Dataset entries:
[Start of Attachment]

definition pullback_attracts ::
  "(real \<Rightarrow> 'p \<Rightarrow> 'x::real_normed_vector \<Rightarrow> 'x) \<Rightarrow> (real \<Rightarrow> 'p \<Rightarrow> 'p) \<Rightarrow> ('p \<Rightarrow> 'x set) \<Rightarrow> ('p \<Rightarrow> 'x set) \<Rightarrow> bool" where
  "pullback_attracts \<phi> \<theta> B C \<longleftrightarrow>
     (\<forall>p. ((\<lambda>t. hsemi (\<phi> t (\<theta> (-t) p) ` C (\<theta> (-t) p)) (B p)) \<longlongrightarrow> 0) at_top)"

definition pullback_attractor ::
  "(real \<Rightarrow> 'p \<Rightarrow> 'x::real_normed_vector \<Rightarrow> 'x) \<Rightarrow> (real \<Rightarrow> 'p \<Rightarrow> 'p) \<Rightarrow> ('p \<Rightarrow> 'x set) \<Rightarrow> bool" where
  "pullback_attractor \<phi> \<theta> A \<longleftrightarrow> na_compact A \<and> na_invariant \<phi> \<theta> A
     \<and> (\<exists>U. na_neighborhood U A \<and> pullback_attracts \<phi> \<theta> A U)"

end

theory Submission
  imports Defs
begin
text \<open>Players are 0,...,n-1.  Options form a finite nonempty set A of type 'a.
  u i a is player i's utility for option a.  An order of players is a list
  pi (pi!0 is the first mover pi_1, pi!(n-1) the last mover pi_n).
  The price list ps has entries ps!j = p^(j+2), chosen by pi!j.\<close>

definition Pset :: "'a set \<Rightarrow> ('a \<Rightarrow> real) set" where
  "Pset A = {p. (\<forall>a. a \<notin> A \<longrightarrow> p a = 0) \<and> (\<Sum>a\<in>A. p a) = 0}"

text \<open>A history after the chance move consists
  of the bid profile, the drawn order, and the prices chosen so far.\<close>

record 'a strat =
  sbid :: real
  spr :: "(nat \<Rightarrow> real) \<Rightarrow> nat list \<Rightarrow> ('a \<Rightarrow> real) list \<Rightarrow> ('a \<Rightarrow> real)"
  sch :: "(nat \<Rightarrow> real) \<Rightarrow> nat list \<Rightarrow> ('a \<Rightarrow> real) list \<Rightarrow> 'a"

definition valid_strat :: "'a set \<Rightarrow> 'a strat \<Rightarrow> bool" where
  "valid_strat A s \<longleftrightarrow> sbid s \<ge> 0
     \<and> (\<forall>b pi ps. spr s b pi ps \<in> Pset A)
     \<and> (\<forall>b pi ps. sch s b pi ps \<in> A)"

definition valid_profile :: "nat \<Rightarrow> 'a set \<Rightarrow> (nat \<Rightarrow> 'a strat) \<Rightarrow> bool" where
  "valid_profile n A \<sigma> \<longleftrightarrow> (\<forall>i<n. valid_strat A (\<sigma> i))"

definition valid_bids :: "nat \<Rightarrow> (nat \<Rightarrow> real) \<Rightarrow> bool" where
  "valid_bids n b \<longleftrightarrow> (\<forall>i. (i < n \<longrightarrow> b i \<ge> 0) \<and> (i \<ge> n \<longrightarrow> b i = 0))"

definition bids_of :: "nat \<Rightarrow> (nat \<Rightarrow> 'a strat) \<Rightarrow> nat \<Rightarrow> real" where
  "bids_of n \<sigma> = (\<lambda>i. if i < n then sbid (\<sigma> i) else 0)"

definition winners :: "nat \<Rightarrow> (nat \<Rightarrow> real) \<Rightarrow> nat set" where
  "winners n b = {i. i < n \<and> b i = Max (b ` {..<n})}"

definition orders :: "nat \<Rightarrow> nat list set" where
  "orders n = {pi. distinct pi \<and> set pi = {..<n}}"

text \<open>Drawing the winner uniformly from W and then the order of the
  remaining players uniformly is the uniform distribution on this set.\<close>
definition orders_W :: "nat \<Rightarrow> (nat \<Rightarrow> real) \<Rightarrow> nat list set" where
  "orders_W n b = {pi \<in> orders n. hd pi \<in> winners n b}"

definition bid_transfer :: "nat \<Rightarrow> (nat \<Rightarrow> real) \<Rightarrow> nat list \<Rightarrow> nat \<Rightarrow> real" where
  "bid_transfer n b pi i = (if i = hd pi then - b (hd pi) else b (hd pi) / real (n - 1))"

text \<open>Price p^(j+2) = ps!j is paid (evaluated at the option a) by pi!(j+1)
  to pi!j.\<close>
definition price_transfer ::
  "nat \<Rightarrow> nat list \<Rightarrow> ('a \<Rightarrow> real) list \<Rightarrow> 'a \<Rightarrow> nat \<Rightarrow> real" where
  "price_transfer n pi ps a i =
     (\<Sum>j<n - 1. (if pi ! j = i then (ps ! j) a else 0)
                - (if pi ! (Suc j) = i then (ps ! j) a else 0))"

definition payoff ::
  "nat \<Rightarrow> (nat \<Rightarrow> 'a \<Rightarrow> real) \<Rightarrow> (nat \<Rightarrow> real) \<Rightarrow> nat list \<Rightarrow> ('a \<Rightarrow> real) list
     \<Rightarrow> 'a \<Rightarrow> nat \<Rightarrow> real" where
  "payoff n u b pi ps a i = u i a + price_transfer n pi ps a i + bid_transfer n b pi i"

fun ext_prices ::
  "(nat \<Rightarrow> 'a strat) \<Rightarrow> (nat \<Rightarrow> real) \<Rightarrow> nat list \<Rightarrow> nat \<Rightarrow> ('a \<Rightarrow> real) list
     \<Rightarrow> ('a \<Rightarrow> real) list" where
  "ext_prices \<sigma> b pi 0 ps = ps"
| "ext_prices \<sigma> b pi (Suc m) ps =
     ext_prices \<sigma> b pi m (ps @ [spr (\<sigma> (pi ! length ps)) b pi ps])"

definition final_prices ::
  "nat \<Rightarrow> (nat \<Rightarrow> 'a strat) \<Rightarrow> (nat \<Rightarrow> real) \<Rightarrow> nat list \<Rightarrow> ('a \<Rightarrow> real) list
     \<Rightarrow> ('a \<Rightarrow> real) list" where
  "final_prices n \<sigma> b pi ps = ext_prices \<sigma> b pi (n - 1 - length ps) ps"

definition outcome_opt ::
  "nat \<Rightarrow> (nat \<Rightarrow> 'a strat) \<Rightarrow> (nat \<Rightarrow> real) \<Rightarrow> nat list \<Rightarrow> ('a \<Rightarrow> real) list \<Rightarrow> 'a" where
  "outcome_opt n \<sigma> b pi ps = sch (\<sigma> (pi ! (n - 1))) b pi (final_prices n \<sigma> b pi ps)"

definition cont_payoff ::
  "nat \<Rightarrow> (nat \<Rightarrow> 'a \<Rightarrow> real) \<Rightarrow> (nat \<Rightarrow> 'a strat) \<Rightarrow> (nat \<Rightarrow> real) \<Rightarrow> nat list
     \<Rightarrow> ('a \<Rightarrow> real) list \<Rightarrow> nat \<Rightarrow> real" where
  "cont_payoff n u \<sigma> b pi ps i =
     payoff n u b pi (final_prices n \<sigma> b pi ps) (outcome_opt n \<sigma> b pi ps) i"
lemma exp_extension_endo_CkP:
  fixes s :: "'a::euclidean_space \<Rightarrow> real" and L :: "'b::euclidean_space endo"
  assumes s: "bounded_linear s" and "t0 < T" "k < m"
  shows "(\<lambda>z. exp_extension m L t0 T (s z)) \<in> endo_CkP k"
proof -
  have growth: "polynomial_growth (\<lambda>z. norm (exp_extension m L t0 T (s z)))" for m
  proof (rule polynomial_growth_compose[of "\<lambda>u. norm (exp_extension m L t0 T u)" s])
    show "polynomial_growth (\<lambda>u. norm (exp_extension m L t0 T u))"
      using \<open>t0 < T\<close> by (intro polynomial_growth_exp_extension) simp
    show "polynomial_growth (\<lambda>z. norm (s z))"
      using polynomial_growth_abs[OF polynomial_growth_bounded_linear[OF s]] by simp
  qed
  have deriv: "((\<lambda>z. exp_extension (Suc m) L t0 T (s z)) has_derivative
      (\<lambda>h. s h *\<^sub>R (L * exp_extension m L t0 T (s z)))) (at z)" for m z
    using has_derivative_compose[OF bounded_linear_imp_has_derivative[OF s]
        has_vector_derivative_exp_extension[OF \<open>t0 < T\<close>, unfolded has_vector_derivative_def]] .
  from \<open>k < m\<close> show ?thesis
  proof (induction k arbitrary: m)
    case 0
    then obtain m' where "m = Suc m'"
      using less_imp_Suc_add by blast
    then show ?case
      using endo_CkP_0I[OF growth deriv] by simp
  next
    case (Suc k)
    then obtain m' where m: "m = Suc m'" "k < m'"
      using Suc_less_eq2 by blast
    have "(\<lambda>z. (s h *\<^sub>R L) * exp_extension m' L t0 T (s z)) \<in> endo_CkP k" for h
      by (intro endo_CkP_mult endo_CkP_const Suc.IH m(2))
    then show ?case
      unfolding m(1) by (intro endo_CkP_SucI[OF growth deriv]) (simp add: mult_scaleR_left)
  qed
qed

[End of Attachment]

Task to carry out: Copy out each line of the data containing the string "winners".

Output below:
definition winners :: "nat \<Rightarrow> (nat \<Rightarrow> real) \<Rightarrow> nat set" where
  "winners n b = {i. i < n \<and> b i = Max (b ` {..<n})}"
  "orders_W n b = {pi \<in> orders n. hd pi \<in> winners n b}"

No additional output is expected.